Top of Data

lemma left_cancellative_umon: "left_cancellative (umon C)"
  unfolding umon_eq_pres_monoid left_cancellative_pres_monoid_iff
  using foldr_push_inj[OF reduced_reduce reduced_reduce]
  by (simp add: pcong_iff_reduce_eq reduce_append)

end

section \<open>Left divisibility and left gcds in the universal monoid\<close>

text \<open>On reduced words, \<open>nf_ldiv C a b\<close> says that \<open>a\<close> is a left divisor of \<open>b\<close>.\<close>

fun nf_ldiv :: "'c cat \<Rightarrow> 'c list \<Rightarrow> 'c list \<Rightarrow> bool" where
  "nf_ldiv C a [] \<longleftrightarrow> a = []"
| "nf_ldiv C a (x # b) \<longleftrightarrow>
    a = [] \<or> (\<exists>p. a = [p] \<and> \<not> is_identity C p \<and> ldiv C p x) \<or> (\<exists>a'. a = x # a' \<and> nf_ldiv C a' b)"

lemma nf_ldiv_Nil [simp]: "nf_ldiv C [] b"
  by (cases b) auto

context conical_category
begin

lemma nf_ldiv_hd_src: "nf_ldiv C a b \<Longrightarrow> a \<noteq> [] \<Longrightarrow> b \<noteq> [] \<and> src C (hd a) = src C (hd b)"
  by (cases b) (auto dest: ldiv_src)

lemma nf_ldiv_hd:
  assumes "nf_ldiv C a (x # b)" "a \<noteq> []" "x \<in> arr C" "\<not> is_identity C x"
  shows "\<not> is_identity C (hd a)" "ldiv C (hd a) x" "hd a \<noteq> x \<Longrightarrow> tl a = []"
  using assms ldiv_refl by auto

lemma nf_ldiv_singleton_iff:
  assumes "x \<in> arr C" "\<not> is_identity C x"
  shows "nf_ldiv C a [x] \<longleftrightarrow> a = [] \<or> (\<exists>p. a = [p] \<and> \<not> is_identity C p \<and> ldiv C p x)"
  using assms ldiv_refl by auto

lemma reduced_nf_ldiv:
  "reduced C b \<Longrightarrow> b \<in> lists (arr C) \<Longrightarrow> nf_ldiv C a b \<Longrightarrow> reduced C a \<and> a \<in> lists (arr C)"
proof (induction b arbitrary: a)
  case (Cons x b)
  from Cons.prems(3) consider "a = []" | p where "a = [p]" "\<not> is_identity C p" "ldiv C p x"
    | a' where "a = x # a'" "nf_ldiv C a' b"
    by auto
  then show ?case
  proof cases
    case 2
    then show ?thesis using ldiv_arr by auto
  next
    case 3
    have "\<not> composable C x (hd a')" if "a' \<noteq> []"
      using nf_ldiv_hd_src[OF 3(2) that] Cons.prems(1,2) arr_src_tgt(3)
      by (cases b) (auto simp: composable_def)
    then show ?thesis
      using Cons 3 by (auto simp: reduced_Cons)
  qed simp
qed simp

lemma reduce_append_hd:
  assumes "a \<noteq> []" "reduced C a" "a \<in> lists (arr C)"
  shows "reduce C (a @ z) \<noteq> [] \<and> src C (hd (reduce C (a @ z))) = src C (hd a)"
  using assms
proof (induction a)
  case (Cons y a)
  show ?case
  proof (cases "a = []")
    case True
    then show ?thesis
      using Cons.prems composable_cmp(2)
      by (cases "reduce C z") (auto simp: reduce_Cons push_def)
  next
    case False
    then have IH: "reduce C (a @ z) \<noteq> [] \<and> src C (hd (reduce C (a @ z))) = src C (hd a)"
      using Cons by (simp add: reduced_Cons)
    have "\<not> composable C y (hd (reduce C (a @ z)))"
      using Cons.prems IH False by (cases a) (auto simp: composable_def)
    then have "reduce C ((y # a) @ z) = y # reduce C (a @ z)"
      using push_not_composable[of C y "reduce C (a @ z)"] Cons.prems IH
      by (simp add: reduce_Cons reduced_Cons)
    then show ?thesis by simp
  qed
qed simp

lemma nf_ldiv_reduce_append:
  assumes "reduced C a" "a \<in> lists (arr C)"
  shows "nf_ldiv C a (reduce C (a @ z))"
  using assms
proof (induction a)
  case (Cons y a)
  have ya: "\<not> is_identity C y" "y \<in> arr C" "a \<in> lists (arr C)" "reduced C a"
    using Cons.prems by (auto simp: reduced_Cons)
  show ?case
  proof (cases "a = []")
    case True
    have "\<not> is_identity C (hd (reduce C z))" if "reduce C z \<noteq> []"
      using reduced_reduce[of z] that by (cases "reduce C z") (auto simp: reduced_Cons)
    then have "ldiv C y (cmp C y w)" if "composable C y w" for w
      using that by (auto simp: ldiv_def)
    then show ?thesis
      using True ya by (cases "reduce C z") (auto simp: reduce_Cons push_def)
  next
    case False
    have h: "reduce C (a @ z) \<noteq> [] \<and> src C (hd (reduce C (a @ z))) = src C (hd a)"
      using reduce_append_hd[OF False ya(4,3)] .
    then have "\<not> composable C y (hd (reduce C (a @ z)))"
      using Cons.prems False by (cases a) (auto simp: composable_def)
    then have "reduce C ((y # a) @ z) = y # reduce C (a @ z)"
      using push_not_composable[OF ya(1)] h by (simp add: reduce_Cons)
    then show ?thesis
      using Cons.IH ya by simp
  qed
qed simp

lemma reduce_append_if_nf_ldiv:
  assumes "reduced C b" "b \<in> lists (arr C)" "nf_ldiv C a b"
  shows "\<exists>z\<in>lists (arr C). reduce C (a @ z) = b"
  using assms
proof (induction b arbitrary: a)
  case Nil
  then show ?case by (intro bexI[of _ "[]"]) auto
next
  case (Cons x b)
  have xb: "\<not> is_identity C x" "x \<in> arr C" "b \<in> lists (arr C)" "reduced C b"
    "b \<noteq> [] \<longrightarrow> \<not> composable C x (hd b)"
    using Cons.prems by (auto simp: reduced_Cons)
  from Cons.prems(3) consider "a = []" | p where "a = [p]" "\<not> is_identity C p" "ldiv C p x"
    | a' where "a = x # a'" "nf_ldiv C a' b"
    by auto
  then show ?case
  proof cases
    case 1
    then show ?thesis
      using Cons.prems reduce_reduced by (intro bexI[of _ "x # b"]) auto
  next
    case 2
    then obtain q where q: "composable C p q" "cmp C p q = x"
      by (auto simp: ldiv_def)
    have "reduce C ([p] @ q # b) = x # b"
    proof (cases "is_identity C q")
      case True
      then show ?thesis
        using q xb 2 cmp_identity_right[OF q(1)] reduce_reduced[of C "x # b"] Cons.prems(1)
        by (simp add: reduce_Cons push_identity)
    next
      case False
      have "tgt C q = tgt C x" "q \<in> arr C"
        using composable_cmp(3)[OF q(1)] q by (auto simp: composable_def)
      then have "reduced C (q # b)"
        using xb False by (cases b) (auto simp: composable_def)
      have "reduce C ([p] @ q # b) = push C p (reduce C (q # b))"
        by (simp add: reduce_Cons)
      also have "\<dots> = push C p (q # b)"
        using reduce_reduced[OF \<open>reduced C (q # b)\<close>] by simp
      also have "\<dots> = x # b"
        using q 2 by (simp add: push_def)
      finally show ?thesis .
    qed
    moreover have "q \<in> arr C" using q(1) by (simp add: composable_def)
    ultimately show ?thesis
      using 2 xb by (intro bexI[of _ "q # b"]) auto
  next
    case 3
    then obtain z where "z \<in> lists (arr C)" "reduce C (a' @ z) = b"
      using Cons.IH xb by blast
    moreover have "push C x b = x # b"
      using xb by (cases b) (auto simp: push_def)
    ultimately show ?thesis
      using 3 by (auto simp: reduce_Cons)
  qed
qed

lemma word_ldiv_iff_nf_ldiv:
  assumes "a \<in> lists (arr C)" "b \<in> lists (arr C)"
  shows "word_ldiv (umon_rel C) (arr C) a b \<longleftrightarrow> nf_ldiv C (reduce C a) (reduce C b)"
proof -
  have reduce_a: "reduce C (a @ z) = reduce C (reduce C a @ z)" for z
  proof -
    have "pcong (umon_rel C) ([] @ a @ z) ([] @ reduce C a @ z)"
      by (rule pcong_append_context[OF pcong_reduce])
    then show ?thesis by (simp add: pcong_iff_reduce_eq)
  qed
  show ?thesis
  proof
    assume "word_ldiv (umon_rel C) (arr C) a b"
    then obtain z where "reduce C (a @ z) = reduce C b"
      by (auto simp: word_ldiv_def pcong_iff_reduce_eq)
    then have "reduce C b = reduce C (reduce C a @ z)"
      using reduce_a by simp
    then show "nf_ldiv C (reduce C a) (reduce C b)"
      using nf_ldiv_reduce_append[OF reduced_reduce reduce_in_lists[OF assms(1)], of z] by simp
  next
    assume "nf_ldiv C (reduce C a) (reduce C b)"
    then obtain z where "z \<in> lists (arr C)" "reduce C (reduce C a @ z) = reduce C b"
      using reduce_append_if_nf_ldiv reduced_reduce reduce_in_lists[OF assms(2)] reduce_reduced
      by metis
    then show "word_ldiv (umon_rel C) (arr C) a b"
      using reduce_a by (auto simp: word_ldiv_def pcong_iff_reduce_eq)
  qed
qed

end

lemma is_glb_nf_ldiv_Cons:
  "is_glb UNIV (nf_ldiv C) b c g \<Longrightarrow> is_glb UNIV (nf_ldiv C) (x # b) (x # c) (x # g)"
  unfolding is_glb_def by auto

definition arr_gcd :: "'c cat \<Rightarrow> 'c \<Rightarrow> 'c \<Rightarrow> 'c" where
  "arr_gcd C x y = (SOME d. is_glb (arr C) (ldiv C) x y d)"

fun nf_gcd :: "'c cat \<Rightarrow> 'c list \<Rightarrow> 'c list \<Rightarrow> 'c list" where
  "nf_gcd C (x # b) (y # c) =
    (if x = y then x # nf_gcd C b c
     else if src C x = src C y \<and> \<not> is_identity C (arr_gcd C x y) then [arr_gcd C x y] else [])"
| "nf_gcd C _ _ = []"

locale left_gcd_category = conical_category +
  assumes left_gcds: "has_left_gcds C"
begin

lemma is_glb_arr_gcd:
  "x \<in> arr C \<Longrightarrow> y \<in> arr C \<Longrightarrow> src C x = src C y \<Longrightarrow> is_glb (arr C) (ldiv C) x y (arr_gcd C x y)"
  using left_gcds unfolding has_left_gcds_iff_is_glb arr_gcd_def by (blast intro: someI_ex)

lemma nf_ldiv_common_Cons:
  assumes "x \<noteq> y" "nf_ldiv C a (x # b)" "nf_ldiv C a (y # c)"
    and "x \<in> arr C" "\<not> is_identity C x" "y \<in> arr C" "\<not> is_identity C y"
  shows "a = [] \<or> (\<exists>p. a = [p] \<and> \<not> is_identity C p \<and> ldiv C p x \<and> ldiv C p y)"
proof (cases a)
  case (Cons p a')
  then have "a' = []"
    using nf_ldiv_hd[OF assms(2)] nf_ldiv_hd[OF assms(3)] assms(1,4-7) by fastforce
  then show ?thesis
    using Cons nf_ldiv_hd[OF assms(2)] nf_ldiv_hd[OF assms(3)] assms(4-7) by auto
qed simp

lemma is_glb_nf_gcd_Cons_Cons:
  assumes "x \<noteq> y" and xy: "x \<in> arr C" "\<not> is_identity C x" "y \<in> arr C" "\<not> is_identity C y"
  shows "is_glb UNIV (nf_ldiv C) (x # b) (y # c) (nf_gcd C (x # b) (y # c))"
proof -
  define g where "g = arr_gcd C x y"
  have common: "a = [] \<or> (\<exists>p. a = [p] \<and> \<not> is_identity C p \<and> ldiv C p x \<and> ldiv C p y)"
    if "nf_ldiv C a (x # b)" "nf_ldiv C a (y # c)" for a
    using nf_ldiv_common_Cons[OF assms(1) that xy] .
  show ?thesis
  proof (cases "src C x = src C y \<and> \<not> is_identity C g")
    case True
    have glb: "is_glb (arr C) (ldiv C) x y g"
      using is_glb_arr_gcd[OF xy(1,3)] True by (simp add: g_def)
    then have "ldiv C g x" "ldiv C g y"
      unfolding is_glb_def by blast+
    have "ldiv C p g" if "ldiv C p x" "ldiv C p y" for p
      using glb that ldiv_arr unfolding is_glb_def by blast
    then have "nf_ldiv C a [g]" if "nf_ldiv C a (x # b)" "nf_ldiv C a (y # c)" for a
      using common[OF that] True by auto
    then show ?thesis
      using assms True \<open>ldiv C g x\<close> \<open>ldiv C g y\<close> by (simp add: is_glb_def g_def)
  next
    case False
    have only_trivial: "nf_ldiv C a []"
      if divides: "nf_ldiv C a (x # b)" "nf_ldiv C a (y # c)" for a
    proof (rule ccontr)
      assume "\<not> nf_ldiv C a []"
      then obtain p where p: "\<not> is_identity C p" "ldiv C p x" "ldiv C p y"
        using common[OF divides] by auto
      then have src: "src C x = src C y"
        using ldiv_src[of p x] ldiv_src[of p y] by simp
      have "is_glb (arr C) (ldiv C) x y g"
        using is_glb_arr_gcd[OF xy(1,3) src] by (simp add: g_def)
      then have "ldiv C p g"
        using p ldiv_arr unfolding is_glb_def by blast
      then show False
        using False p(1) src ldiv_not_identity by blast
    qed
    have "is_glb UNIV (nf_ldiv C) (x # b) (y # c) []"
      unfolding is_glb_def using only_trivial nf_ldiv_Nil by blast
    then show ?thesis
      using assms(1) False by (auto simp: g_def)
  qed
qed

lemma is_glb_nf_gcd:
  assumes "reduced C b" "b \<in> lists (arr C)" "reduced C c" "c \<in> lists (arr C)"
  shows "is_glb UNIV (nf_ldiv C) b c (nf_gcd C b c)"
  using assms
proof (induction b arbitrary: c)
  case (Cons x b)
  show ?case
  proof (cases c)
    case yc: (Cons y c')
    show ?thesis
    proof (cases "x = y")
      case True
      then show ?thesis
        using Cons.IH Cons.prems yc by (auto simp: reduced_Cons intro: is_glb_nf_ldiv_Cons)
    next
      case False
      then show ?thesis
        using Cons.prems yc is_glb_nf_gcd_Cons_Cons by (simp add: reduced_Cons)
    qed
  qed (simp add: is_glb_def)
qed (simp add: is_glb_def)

Bottom of Data
Top of Data

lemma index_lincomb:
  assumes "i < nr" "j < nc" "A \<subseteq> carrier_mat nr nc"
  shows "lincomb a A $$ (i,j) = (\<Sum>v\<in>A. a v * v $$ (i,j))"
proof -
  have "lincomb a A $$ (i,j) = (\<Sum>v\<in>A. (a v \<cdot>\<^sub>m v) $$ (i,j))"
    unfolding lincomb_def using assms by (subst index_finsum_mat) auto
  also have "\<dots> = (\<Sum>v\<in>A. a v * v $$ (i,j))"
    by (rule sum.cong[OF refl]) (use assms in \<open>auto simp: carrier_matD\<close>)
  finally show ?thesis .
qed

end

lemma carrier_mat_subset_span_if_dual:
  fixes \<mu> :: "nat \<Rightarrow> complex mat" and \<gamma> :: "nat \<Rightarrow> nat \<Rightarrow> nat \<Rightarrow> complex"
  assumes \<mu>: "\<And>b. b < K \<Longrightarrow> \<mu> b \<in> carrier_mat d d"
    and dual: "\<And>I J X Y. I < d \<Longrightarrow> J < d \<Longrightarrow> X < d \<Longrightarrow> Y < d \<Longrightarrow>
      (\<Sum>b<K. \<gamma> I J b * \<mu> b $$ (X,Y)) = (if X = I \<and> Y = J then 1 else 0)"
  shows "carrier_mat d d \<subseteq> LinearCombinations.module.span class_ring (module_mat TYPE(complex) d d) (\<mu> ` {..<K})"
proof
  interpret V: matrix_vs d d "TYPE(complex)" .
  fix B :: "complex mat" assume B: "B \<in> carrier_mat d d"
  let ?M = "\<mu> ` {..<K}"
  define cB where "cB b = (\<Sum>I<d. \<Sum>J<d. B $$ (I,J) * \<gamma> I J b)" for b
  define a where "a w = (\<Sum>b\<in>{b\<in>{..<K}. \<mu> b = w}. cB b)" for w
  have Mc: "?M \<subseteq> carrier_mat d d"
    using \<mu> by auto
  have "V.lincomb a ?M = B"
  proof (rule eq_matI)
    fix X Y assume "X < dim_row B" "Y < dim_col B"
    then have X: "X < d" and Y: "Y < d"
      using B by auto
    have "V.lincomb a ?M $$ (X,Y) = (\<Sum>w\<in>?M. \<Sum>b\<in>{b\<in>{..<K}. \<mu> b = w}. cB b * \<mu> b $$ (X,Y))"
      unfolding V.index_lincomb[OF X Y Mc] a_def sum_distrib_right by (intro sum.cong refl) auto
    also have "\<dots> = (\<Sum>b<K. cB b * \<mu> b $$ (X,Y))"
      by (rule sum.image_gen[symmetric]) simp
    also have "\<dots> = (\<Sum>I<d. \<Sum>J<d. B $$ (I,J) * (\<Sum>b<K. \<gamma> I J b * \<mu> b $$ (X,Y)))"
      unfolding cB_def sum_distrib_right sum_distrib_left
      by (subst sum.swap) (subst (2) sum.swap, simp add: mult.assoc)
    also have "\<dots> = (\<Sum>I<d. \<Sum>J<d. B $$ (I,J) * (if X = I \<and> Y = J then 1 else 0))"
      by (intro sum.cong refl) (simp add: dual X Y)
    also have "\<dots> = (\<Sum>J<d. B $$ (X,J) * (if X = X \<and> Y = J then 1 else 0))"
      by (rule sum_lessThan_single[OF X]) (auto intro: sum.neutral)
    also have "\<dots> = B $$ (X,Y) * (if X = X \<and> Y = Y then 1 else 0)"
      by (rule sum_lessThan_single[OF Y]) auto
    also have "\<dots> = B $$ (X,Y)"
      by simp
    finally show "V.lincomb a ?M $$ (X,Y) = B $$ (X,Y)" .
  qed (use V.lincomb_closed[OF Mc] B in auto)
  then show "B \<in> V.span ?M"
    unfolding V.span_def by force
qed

Bottom of Data
Top of Data

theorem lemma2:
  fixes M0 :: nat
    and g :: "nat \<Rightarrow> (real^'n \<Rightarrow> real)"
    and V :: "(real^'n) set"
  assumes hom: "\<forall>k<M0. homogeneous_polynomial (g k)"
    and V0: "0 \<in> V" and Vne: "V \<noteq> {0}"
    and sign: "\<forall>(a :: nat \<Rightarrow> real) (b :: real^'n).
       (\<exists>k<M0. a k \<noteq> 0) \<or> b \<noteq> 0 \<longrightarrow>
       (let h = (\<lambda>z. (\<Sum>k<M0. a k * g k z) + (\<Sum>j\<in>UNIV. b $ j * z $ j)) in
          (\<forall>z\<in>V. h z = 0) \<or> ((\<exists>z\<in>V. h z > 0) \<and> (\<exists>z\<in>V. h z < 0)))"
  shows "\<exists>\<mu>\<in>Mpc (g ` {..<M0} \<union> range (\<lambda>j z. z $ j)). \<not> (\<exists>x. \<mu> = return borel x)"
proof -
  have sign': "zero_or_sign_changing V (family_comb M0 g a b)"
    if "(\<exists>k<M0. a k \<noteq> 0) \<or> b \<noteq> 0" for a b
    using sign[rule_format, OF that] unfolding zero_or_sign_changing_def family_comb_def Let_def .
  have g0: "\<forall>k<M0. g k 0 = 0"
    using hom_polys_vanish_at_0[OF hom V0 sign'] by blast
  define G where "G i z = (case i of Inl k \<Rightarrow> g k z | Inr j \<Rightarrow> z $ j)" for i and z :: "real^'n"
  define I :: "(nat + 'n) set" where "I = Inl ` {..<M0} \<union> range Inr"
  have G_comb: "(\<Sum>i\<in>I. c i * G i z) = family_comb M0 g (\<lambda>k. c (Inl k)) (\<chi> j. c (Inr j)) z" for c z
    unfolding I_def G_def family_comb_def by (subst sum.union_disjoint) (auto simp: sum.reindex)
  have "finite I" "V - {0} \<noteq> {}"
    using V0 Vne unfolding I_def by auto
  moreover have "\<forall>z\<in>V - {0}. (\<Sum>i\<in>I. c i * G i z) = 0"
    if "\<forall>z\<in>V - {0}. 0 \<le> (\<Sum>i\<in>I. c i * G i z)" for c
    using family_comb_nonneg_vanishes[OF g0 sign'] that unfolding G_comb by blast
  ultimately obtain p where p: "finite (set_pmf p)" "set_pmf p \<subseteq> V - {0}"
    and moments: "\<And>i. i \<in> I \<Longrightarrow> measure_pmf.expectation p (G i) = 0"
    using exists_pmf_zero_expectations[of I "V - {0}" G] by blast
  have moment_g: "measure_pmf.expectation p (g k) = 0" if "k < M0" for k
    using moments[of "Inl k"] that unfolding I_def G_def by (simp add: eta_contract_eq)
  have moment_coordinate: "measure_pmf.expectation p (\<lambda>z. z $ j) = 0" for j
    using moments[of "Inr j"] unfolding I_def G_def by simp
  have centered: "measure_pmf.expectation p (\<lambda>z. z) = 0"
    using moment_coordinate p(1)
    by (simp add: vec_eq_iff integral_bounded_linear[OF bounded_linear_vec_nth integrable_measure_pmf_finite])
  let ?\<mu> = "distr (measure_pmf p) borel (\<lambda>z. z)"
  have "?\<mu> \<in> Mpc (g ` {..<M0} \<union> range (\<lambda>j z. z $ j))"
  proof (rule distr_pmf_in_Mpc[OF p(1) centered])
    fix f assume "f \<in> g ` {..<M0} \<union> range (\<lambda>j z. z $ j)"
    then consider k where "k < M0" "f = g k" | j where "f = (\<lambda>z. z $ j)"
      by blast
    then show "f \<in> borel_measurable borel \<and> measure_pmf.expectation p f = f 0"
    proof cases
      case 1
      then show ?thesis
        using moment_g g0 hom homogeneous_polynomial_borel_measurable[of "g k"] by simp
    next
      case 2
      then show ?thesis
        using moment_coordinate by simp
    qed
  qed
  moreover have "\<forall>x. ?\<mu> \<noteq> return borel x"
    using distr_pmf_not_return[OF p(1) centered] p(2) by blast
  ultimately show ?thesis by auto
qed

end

Bottom of Data

• Task to complete
Taking the entries above, write out exactly the lines starting with the line containing "using Cons.IH xb by blast" and going on through the line containing "(umon_rel C) ([]", both included, and nothing else.

• Answer to this exercise
      using Cons.IH xb by blast
    moreover have "push C x b = x # b"
      using xb by (cases b) (auto simp: push_def)
    ultimately show ?thesis
      using 3 by (auto simp: reduce_Cons)
  qed
qed

lemma word_ldiv_iff_nf_ldiv:
  assumes "a \<in> lists (arr C)" "b \<in> lists (arr C)"
  shows "word_ldiv (umon_rel C) (arr C) a b \<longleftrightarrow> nf_ldiv C (reduce C a) (reduce C b)"
proof -
  have reduce_a: "reduce C (a @ z) = reduce C (reduce C a @ z)" for z
  proof -
    have "pcong (umon_rel C) ([] @ a @ z) ([] @ reduce C a @ z)"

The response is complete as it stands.